No matter who is due the credit, Buckhead has evolved as the address of choice, where millennials are staking out their occupancy, and where new shopping options are geared to attract their credit cards. Pedestrian activity is commonplace, and start-up businesses will challenge the mindsets of yesterday’s leaders.

In the 1940s and 50s, our daily newspapers described this northern collection of neighborhoods as Atlanta’s “Bedroom Community.” It was in this unincorporated portion of Fulton County that a large number of leaders in Georgia’s capital city spent family nights before heading south to the central downtown, where the skyline of office buildings housed their businesses.

There are no witnesses remaining, but the history books report that back in the 1830s, crossroads like Peachtree Road at Roswell Road, and the ferry roads like Paces Ferry Road at the Chattahoochee, were occupied by Cherokee and Creek Indian trading posts.

In 1952, most of these rolling woodlands — north to what is now Sandy Springs — were annexed into the city of Atlanta by then-Mayor Bill Hartsfield.

In 1988, the formidable Buckhead Coalition was created, a nonprofit civic group consisting of CEOs of major area firms, now limited to 100, with almost a third that many on a wait list. The coalition arranged, with the Atlanta Regional Commission, for official boundaries encircling 45 neighborhoods.

Buckhead today is hardly just a place where people sleep. It boasts of 29 million square feet of office space, 5,300 hotel rooms, 1,400 retail units, and other commercial development. It’s apparent that jobs are here, and many residents can — and do — walk to work. Buckhead’s 80,000 residents included an 11,904-person increase in the 2010 census over the 2000 count; the city of Atlanta as a whole increased by only 2,393 in that time.

Jay Bookman wrote in a recent Atlanta Journal-Constitution column that “according to economist Joe Cortright, almost all of metro Atlanta’s increase in young, college-educated professionals has been concentrated within the region’s inner urban core.” That’s Buckhead. And they are a welcome addition. Even if corporate Atlanta isn’t growing, the area between the Amtrak station and the northern city line is doing so at a healthy pace and with an admirable profile.

There has been talk from time to time of Buckhead becoming a separate city, but such a short-sighted move would be very costly to the entire area. Buckhead occupies about 20 percent of Atlanta’s land area. It has close to 20 percent of Atlanta’s population, but pays over 45 percent of Atlanta’s ad valorem taxes. Take that away from the city, and cause Atlanta to bankrupt, and you would bring all growth to a standstill.

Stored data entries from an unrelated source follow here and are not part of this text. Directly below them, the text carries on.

lemma h_fn_tendsto_0: "(h_fn \<nu> \<longlongrightarrow> 0) at_top"
proof -
  have "((\<lambda>r. \<integral>y. min 1 (y\<^sup>2 / r\<^sup>2) * \<nu> y \<partial>lborel)
          \<longlongrightarrow> integral\<^sup>L (lborel :: real measure) (\<lambda>_. 0)) at_top"
  proof (rule integral_dominated_convergence_at_top[where w = "\<lambda>y. min (y\<^sup>2) 1 * \<nu> y"])
    show "AE y in lborel. ((\<lambda>r. min 1 (y\<^sup>2 / r\<^sup>2) * \<nu> y) \<longlongrightarrow> 0) at_top"
      by (intro AE_I2) real_asymp
    have "norm (min 1 (y\<^sup>2 / r\<^sup>2) * \<nu> y) \<le> min (y\<^sup>2) 1 * \<nu> y" if "1 \<le> r" for r y
    proof -
      have "y\<^sup>2 / r\<^sup>2 \<le> y\<^sup>2"
        using that by (simp add: divide_le_eq mult_le_cancel_left1 one_le_power)
      then show ?thesis
        using nu_nonneg[of y] by (auto intro!: mult_right_mono simp: min_le_iff_disj)
    qed
    then show "\<forall>\<^sub>F r in at_top. AE y in lborel.
                 norm (min 1 (y\<^sup>2 / r\<^sup>2) * \<nu> y) \<le> min (y\<^sup>2) 1 * \<nu> y"
      by (intro eventually_at_top_linorderI[of 1] AE_I2)
  qed (use integrable_levy_weight in simp_all)
  moreover have "\<forall>\<^sub>F r in at_top. (\<integral>y. min 1 (y\<^sup>2 / r\<^sup>2) * \<nu> y \<partial>lborel) = h_fn \<nu> r"
    by (intro eventually_at_top_linorderI[of 1]) (simp add: h_fn_eq_integral)
  ultimately show ?thesis
    by (simp add: tendsto_cong)
qed

lemma nn_integral_nu_finite_if_AE_vanishing_near_0:
  assumes "0 < s" and vanish: "AE y in lborel. \<bar>y\<bar> < s \<longrightarrow> \<nu> y = 0"
  shows "(\<integral>\<^sup>+ y. ennreal (\<nu> y) \<partial>lborel) < \<infinity>"
proof -
  have "(\<integral>\<^sup>+ y. ennreal (\<nu> y) \<partial>lborel)
        \<le> (\<integral>\<^sup>+ y. ennreal (max 1 (1 / s\<^sup>2) * (min (y\<^sup>2) 1 * \<nu> y)) \<partial>lborel)"
    using vanish
  proof (intro nn_integral_mono_AE, eventually_elim)
    case (elim y)
    show ?case
    proof (cases "\<bar>y\<bar> < s")
      case False
      then have "s\<^sup>2 \<le> y\<^sup>2"
        using \<open>0 < s\<close> by (metis abs_le_square_iff abs_of_pos not_less)
      then have "1 \<le> min 1 (y\<^sup>2 / s\<^sup>2)"
        using \<open>0 < s\<close> by simp
      also have "\<dots> \<le> max 1 (1 / s\<^sup>2) * min (y\<^sup>2) 1"
        by (rule min_one_sq_div_le[OF \<open>0 < s\<close>])
      finally have "1 * \<nu> y \<le> (max 1 (1 / s\<^sup>2) * min (y\<^sup>2) 1) * \<nu> y"
        using nu_nonneg[of y] by (rule mult_right_mono)
      then show ?thesis
        by (simp add: mult.assoc ennreal_leI)
    qed (use elim in simp)
  qed
  also have "\<dots> = ennreal (max 1 (1 / s\<^sup>2)) * (\<integral>\<^sup>+ y. ennreal (min (y\<^sup>2) 1 * \<nu> y) \<partial>lborel)"
    using nu_nonneg by (subst nn_integral_cmult[symmetric]) (auto simp: ennreal_mult)
  also have "\<dots> < \<infinity>"
    using nu_levy by (simp add: ennreal_mult_less_top)
  finally show ?thesis .
qed

lemma h_fn_div_antimono:
  assumes "0 < r" "r \<le> s"
  shows "h_fn \<nu> s / s \<le> h_fn \<nu> r / r"
  using assms h_fn_antimono[OF assms] h_fn_nonneg[of \<nu> r] by (intro frac_le) auto

lemma g_tilde_near_antimono:
  assumes "0 \<le> t" "\<bar>y\<bar> \<le> \<bar>y'\<bar>" "\<bar>y'\<bar> < \<epsilon>"
  shows "g_tilde \<nu> d \<alpha> \<beta> \<tau> \<epsilon> t y' \<le> g_tilde \<nu> d \<alpha> \<beta> \<tau> \<epsilon> t y"
proof (cases "y = 0")
  case False
  then have "t * h_fn \<nu> \<bar>y'\<bar> / \<bar>y'\<bar> \<le> t * h_fn \<nu> \<bar>y\<bar> / \<bar>y\<bar>"
    using assms h_fn_div_antimono[of "\<bar>y\<bar>" "\<bar>y'\<bar>"]
    by (simp add: mult_left_mono times_divide_eq_right[symmetric] del: times_divide_eq_right)
  then show ?thesis
    using False assms by (auto simp: g_tilde_def min_le_iff_disj)
qed (use assms in \<open>auto simp: g_tilde_def\<close>)

lemma g_tilde_near_lower_bound:
  assumes "0 \<le> t" "\<bar>y\<bar> < \<epsilon>"
  shows "min (1 / h_inv \<nu> (1 / t)) (t * h_fn \<nu> \<epsilon> / \<epsilon>) \<le> g_tilde \<nu> d \<alpha> \<beta> \<tau> \<epsilon> t y"
proof (cases "y = 0")
  case False
  then have "t * h_fn \<nu> \<epsilon> / \<epsilon> \<le> t * h_fn \<nu> \<bar>y\<bar> / \<bar>y\<bar>"
    using assms h_fn_div_antimono[of "\<bar>y\<bar>" \<epsilon>]
    by (simp add: mult_left_mono times_divide_eq_right[symmetric] del: times_divide_eq_right)
  then show ?thesis
    using False assms by (auto simp: g_tilde_def min_le_iff_disj)
qed (use assms in \<open>auto simp: g_tilde_def\<close>)

end

locale infinite_levy_density = levy_density +
  assumes nu_infinite_mass: "(\<integral>\<^sup>+ y. ennreal (\<nu> y) \<partial>lborel) = \<infinity>"
begin

lemma h_fn_strict_antimono:
  assumes "0 < r" "r < s"
  shows "h_fn \<nu> s < h_fn \<nu> r"
proof (rule ccontr)
  assume "\<not> h_fn \<nu> s < h_fn \<nu> r"
  then have "h_fn \<nu> r = h_fn \<nu> s"
    using assms h_fn_antimono[of r s] by simp
  have "0 < s"
    using assms by simp
  define D where "D y = (min 1 (y\<^sup>2 / r\<^sup>2) - min 1 (y\<^sup>2 / s\<^sup>2)) * \<nu> y" for y
  have D_nonneg: "0 \<le> D y" for y
    using assms nu_nonneg[of y] min_one_sq_div_antimono[of r s y] unfolding D_def by simp
  have D_integrable: "integrable lborel D"
    using integrable_h_integrand[OF assms(1)] integrable_h_integrand[OF \<open>0 < s\<close>]
    unfolding D_def left_diff_distrib by simp
  have "integral\<^sup>L lborel D = 0"
    using \<open>h_fn \<nu> r = h_fn \<nu> s\<close>
      integrable_h_integrand[OF assms(1)] integrable_h_integrand[OF \<open>0 < s\<close>]
    unfolding D_def left_diff_distrib h_fn_eq_integral[OF assms(1)] h_fn_eq_integral[OF \<open>0 < s\<close>]
    by simp
  then have "AE y in lborel. D y = 0"
    using integral_nonneg_eq_0_iff_AE[OF D_integrable] D_nonneg by simp
  then have "AE y in lborel. \<bar>y\<bar> < s \<longrightarrow> \<nu> y = 0"
    using AE_lborel_singleton[of 0]
  proof eventually_elim
    case (elim y)
    show ?case
    proof
      assume "\<bar>y\<bar> < s"
      then have "y\<^sup>2 / s\<^sup>2 < 1"
        using \<open>0 < s\<close> by (simp add: abs_square_less_1 power_divide[symmetric])
      moreover have "y\<^sup>2 / s\<^sup>2 < y\<^sup>2 / r\<^sup>2"
        using assms elim by (intro divide_strict_left_mono) (auto intro: power_strict_mono)
      ultimately have "min 1 (y\<^sup>2 / s\<^sup>2) < min 1 (y\<^sup>2 / r\<^sup>2)"
        by simp
      then have "min 1 (y\<^sup>2 / r\<^sup>2) - min 1 (y\<^sup>2 / s\<^sup>2) \<noteq> 0"
        by linarith
      then show "\<nu> y = 0"
        using elim unfolding D_def by simp
    qed
  qed
  then show False
    using nn_integral_nu_finite_if_AE_vanishing_near_0[OF \<open>0 < s\<close>] nu_infinite_mass by simp
qed

lemma h_fn_unbounded: "\<exists>r>0. M < h_fn \<nu> r"
proof (rule ccontr)
  assume "\<not> (\<exists>r>0. M < h_fn \<nu> r)"
  then have bounded: "h_fn \<nu> r \<le> M" if "0 < r" for r
    using that by (meson not_less)
  define F where "F n y = ennreal (min 1 (y\<^sup>2 / (1 / real (Suc n))\<^sup>2) * \<nu> y)" for n y
  have F_SUP: "(SUP n. F n y) = ennreal (\<nu> y)" if "y \<noteq> 0" for y
  proof (rule antisym)
    show "(SUP n. F n y) \<le> ennreal (\<nu> y)"
      using nu_nonneg[of y] by (auto simp: F_def intro!: SUP_least ennreal_leI mult_left_le_one_le)
    define N where "N = nat \<lceil>1 / \<bar>y\<bar>\<rceil>"
    have "1 / \<bar>y\<bar> \<le> real (Suc N)"
      unfolding N_def by linarith
    then have "1 \<le> \<bar>y\<bar> * real (Suc N)"
      using that by (simp add: field_simps)
    then have "1 \<le> (\<bar>y\<bar> * real (Suc N))\<^sup>2"
      by (simp add: one_le_power)
    then have "1 \<le> y\<^sup>2 / (1 / real (Suc N))\<^sup>2"
      by (simp add: power_mult_distrib power_divide)
    then have "F N y = ennreal (\<nu> y)"
      by (simp add: F_def)
    then show "ennreal (\<nu> y) \<le> (SUP n. F n y)"
      by (metis SUP_upper UNIV_I)
  qed
  have F_integral: "integral\<^sup>N lborel (F n) = ennreal (h_fn \<nu> (1 / real (Suc n)))" for n
    unfolding F_def h_fn_def
    by (simp add: ennreal_enn2real_if nn_integral_eq_integral integrable_h_integrand nu_nonneg)
  have "(\<integral>\<^sup>+ y. ennreal (\<nu> y) \<partial>lborel) = (\<integral>\<^sup>+ y. (SUP n. F n y) \<partial>lborel)"
    by (intro nn_integral_cong_AE) (use AE_lborel_singleton[of 0] F_SUP in \<open>auto elim: AE_mp\<close>)
  also have "\<dots> = (SUP n. integral\<^sup>N lborel (F n))"
  proof (rule nn_integral_monotone_convergence_SUP)
    show "incseq F"
      using min_one_sq_div_antimono[of "1 / real (Suc (Suc n))" "1 / real (Suc n)" for n] nu_nonneg
      by (intro incseq_SucI le_funI) (auto simp: F_def frac_le intro!: ennreal_leI mult_right_mono)
  qed (simp add: F_def)
  also have "\<dots> \<le> ennreal M"
    using bounded by (auto simp: F_integral intro!: SUP_least ennreal_leI)
  finally show False
    using nu_infinite_mass by (simp add: top_unique)
qed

It’s obvious Buckhead is much more than a bedroom community. The fact is, we can all brag that Atlanta is one of the few cities that has two downtowns, because Buckhead is one by any definition. Although we compete when opportunities appear appropriate, there is no question but that the original central downtown around Five Points is, and must continue to be, a very important part of Atlanta. And it behooves us in this northern quadrant to be there for it when needed, as it needs to be in relation to Buckhead.

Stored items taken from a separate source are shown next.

lemma prox_stability_ineq:
  fixes g1 g2 x z zp x0 :: "'a::real_inner" and A B :: real
  assumes hx: "0 \<le> inner (g1 + A *\<^sub>R (x - zp) + B *\<^sub>R (x - x0)) (z - x)"
    and hz: "0 \<le> inner (g2 + A *\<^sub>R (z - zp) + B *\<^sub>R (z - x0)) (x - z)"
    and AB: "0 < A + B"
  shows "inner (g2 - g1) (x - z) \<le> (norm (g2 - g1))\<^sup>2 / (A + B)"
proof -
  have strong: "(A + B) * (norm (x - z))\<^sup>2 \<le> inner (g2 - g1) (x - z)"
    using add_nonneg_nonneg[OF hx hz]
    by (simp add: power2_norm_eq_inner inner_add_left inner_diff_left inner_diff_right
        inner_commute algebra_simps)
  have "inner (g2 - g1) (x - z) \<le> norm (g2 - g1) * norm (x - z)"
    by (rule Cauchy_Schwarz_ineq2[THEN abs_le_D1])
  also have "\<dots> \<le> (norm (g2 - g1))\<^sup>2 / (2 * (A + B)) + (A + B) / 2 * (norm (x - z))\<^sup>2"
    using AB by (rule weighted_sum_squares_bound)
  finally have "inner (g2 - g1) (x - z) \<le> (norm (g2 - g1))\<^sup>2 / (2 * (A + B)) + inner (g2 - g1) (x - z) / 2"
    using strong by linarith
  then show ?thesis using AB by (simp add: field_simps)
qed

lemma optimistic_prox_step:
  fixes g1 g2 zp x0 x z y :: "'a::real_inner" and A B :: real
  assumes X: "convex X"
    and x: "is_argmin_on X (prox_obj g1 A zp B x0) x"
    and z: "is_argmin_on X (prox_obj g2 A zp B x0) z"
    and y: "y \<in> X" and AB: "0 < A + B"
  shows "inner g2 (x - y) \<le> A / 2 * (norm (y - zp))\<^sup>2 - (A + B) / 2 * (norm (y - z))\<^sup>2
     + B / 2 * (norm (y - x0))\<^sup>2 - (A + B) / 2 * (norm (z - x))\<^sup>2 - A / 2 * (norm (x - zp))\<^sup>2
     - B / 2 * (norm (x - x0))\<^sup>2 + (norm (g2 - g1))\<^sup>2 / (A + B)"
proof -
  have in_X: "x \<in> X" "z \<in> X" using x z by (simp_all add: is_argmin_on_def)
  note vi_x = prox_obj_argmin_variational_ineq[OF X x in_X(2)]
  note vi_z = prox_obj_argmin_variational_ineq[OF X z]
  show ?thesis
    using extragradient_three_point_ineq[OF vi_x vi_z[OF y]]
      prox_stability_ineq[OF vi_x vi_z[OF in_X(1)] AB]
    by linarith
qed

locale adapeg_run =
  fixes X :: "'a::real_inner set" and F :: "'a \<Rightarrow> 'a"
    and \<beta> \<gamma>0 \<eta> :: real and T :: nat and x z :: "nat \<Rightarrow> 'a"
  assumes X_convex: "convex X" and F_monotone: "monotone_op X F" and F_smooth: "smooth_op X \<beta> F"
    and beta_nonneg: "0 \<le> \<beta>" and gamma0_pos: "0 < \<gamma>0" and eta_pos: "0 < \<eta>" and T_pos: "1 \<le> T"
    and x0_in: "x 0 \<in> X"
    and x_step: "\<And>t. 1 \<le> t \<Longrightarrow> t \<le> T \<Longrightarrow>
       is_argmin_on X (prox_obj (F (x (t - 1))) (gam \<eta> \<gamma>0 F x (int t - 2)) (z (t - 1))
          (gam \<eta> \<gamma>0 F x (int t - 1) - gam \<eta> \<gamma>0 F x (int t - 2)) (x 0)) (x t)"
    and z_step: "\<And>t. 1 \<le> t \<Longrightarrow> t \<le> T \<Longrightarrow>
       is_argmin_on X (prox_obj (F (x t)) (gam \<eta> \<gamma>0 F x (int t - 2)) (z (t - 1))
          (gam \<eta> \<gamma>0 F x (int t - 1) - gam \<eta> \<gamma>0 F x (int t - 2)) (x 0)) (z t)"
begin

(* \<Gamma> t is gamma_(t-1): iteration t uses the weights \<Gamma> (t - 1) and \<Gamma> t - \<Gamma> (t - 1). *)
definition \<Gamma> :: "nat \<Rightarrow> real" where
  "\<Gamma> t = gam \<eta> \<gamma>0 F x (int t - 1)"

definition \<delta> :: "nat \<Rightarrow> real" where
  "\<delta> t = (norm (F (x t) - F (x (t - 1))))\<^sup>2"

lemma \<delta>_nonneg: "0 \<le> \<delta> t"
  by (simp add: \<delta>_def)

lemma \<Gamma>_0 [simp]: "\<Gamma> 0 = 0"
  by (simp add: \<Gamma>_def gam_def)

lemma \<Gamma>_eq:
  assumes "1 \<le> t"
  shows "\<Gamma> t = sqrt (\<eta>\<^sup>2 * \<gamma>0\<^sup>2 + (\<Sum>s\<in>{1..t - 1}. \<delta> s)) / \<eta>"
proof -
  have "nat (int t - 1) = t - 1" using assms by simp
  then show ?thesis using assms by (simp add: \<Gamma>_def gam_def \<delta>_def)
qed

lemma gam_eq_\<Gamma>:
  assumes "1 \<le> t"
  shows "gam \<eta> \<gamma>0 F x (int t - 2) = \<Gamma> (t - 1)"
proof -
  have "int (t - 1) - 1 = int t - 2" using assms by simp
  then show ?thesis by (simp add: \<Gamma>_def)
qed

lemma \<Gamma>_1: "\<Gamma> 1 = \<gamma>0"
  using \<Gamma>_eq[of 1] eta_pos gamma0_pos by (simp add: real_sqrt_mult)

lemma \<Gamma>_mono:
  assumes "s \<le> t"
  shows "\<Gamma> s \<le> \<Gamma> t"
proof (cases "s = 0")
  case True
  then show ?thesis
    using eta_pos by (cases "t = 0") (simp_all add: \<Gamma>_eq sum_nonneg \<delta>_nonneg)
next
  case False
  have "(\<Sum>r\<in>{1..s - 1}. \<delta> r) \<le> (\<Sum>r\<in>{1..t - 1}. \<delta> r)"
    using assms by (intro sum_mono2) (auto simp: \<delta>_nonneg)
  then show ?thesis using False assms eta_pos by (simp add: \<Gamma>_eq divide_right_mono)
qed

lemma \<Gamma>_nonneg: "0 \<le> \<Gamma> t"
  using \<Gamma>_mono[of 0 t] by simp

lemma \<Gamma>_ge_gamma0: "1 \<le> t \<Longrightarrow> \<gamma>0 \<le> \<Gamma> t"
  using \<Gamma>_mono \<Gamma>_1 by metis

lemma \<Gamma>_T_le: "\<Gamma> T \<le> \<gamma>0 + sqrt (\<Sum>t\<in>{1..T}. \<delta> t) / \<eta>"
proof -
  have "\<eta> * \<Gamma> T = sqrt (\<eta>\<^sup>2 * \<gamma>0\<^sup>2 + (\<Sum>t\<in>{1..T - 1}. \<delta> t))"
    using eta_pos T_pos by (simp add: \<Gamma>_eq)
  also have "\<dots> \<le> sqrt (\<eta>\<^sup>2 * \<gamma>0\<^sup>2 + (\<Sum>t\<in>{1..T}. \<delta> t))"
    by (simp add: sum_mono2 \<delta>_nonneg)
  also have "\<dots> \<le> sqrt (\<eta>\<^sup>2 * \<gamma>0\<^sup>2) + sqrt (\<Sum>t\<in>{1..T}. \<delta> t)"
    by (rule sqrt_add_le_add_sqrt) (simp_all add: sum_nonneg \<delta>_nonneg)
  also have "sqrt (\<eta>\<^sup>2 * \<gamma>0\<^sup>2) = \<eta> * \<gamma>0"
    using eta_pos gamma0_pos by (simp add: real_sqrt_mult)
  finally show ?thesis using eta_pos by (simp add: field_simps)
qed

lemma x_in_X: "t \<le> T \<Longrightarrow> x t \<in> X"
  using x0_in x_step[of t] by (cases "t = 0") (auto simp: is_argmin_on_def)

lemma x_argmin:
  assumes "1 \<le> t" "t \<le> T"
  shows "is_argmin_on X (prox_obj (F (x (t - 1))) (\<Gamma> (t - 1)) (z (t - 1)) (\<Gamma> t - \<Gamma> (t - 1)) (x 0)) (x t)"
  using x_step[OF assms] unfolding gam_eq_\<Gamma>[OF assms(1)] \<Gamma>_def[symmetric] .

The old downtown houses federal, state, county and city offices, not to mention tourist and sport facilities, plus Georgia State University’s ever-blossoming campus. Atlanta’s new downtown of Buckhead is the indisputable shopping mecca of the Southeast and the very best in Georgia’s dining, as well as much of Atlanta’s nightlife. Midtown, as its very nomenclature defines, connects us beautifully as Atlanta’s stage for the performing arts.

The mission of the Buckhead Coalition is to “nurture the quality of life of those who live, visit, work and play in the Buckhead part of Atlanta,” and its members are to be congratulated for their altruistic civic service on its behalf, for everyone’s benefit. If the reader was here in 1988, the skyline had not even started to sprout. Now we have 9,438 rental apartments under development, representing a 75-percent increase over the last three years since the economy turned around.

This is a success story, a community of both bedrooms and board rooms.

Former Atlanta Mayor Sam Massell is president of the Buckhead Coalition.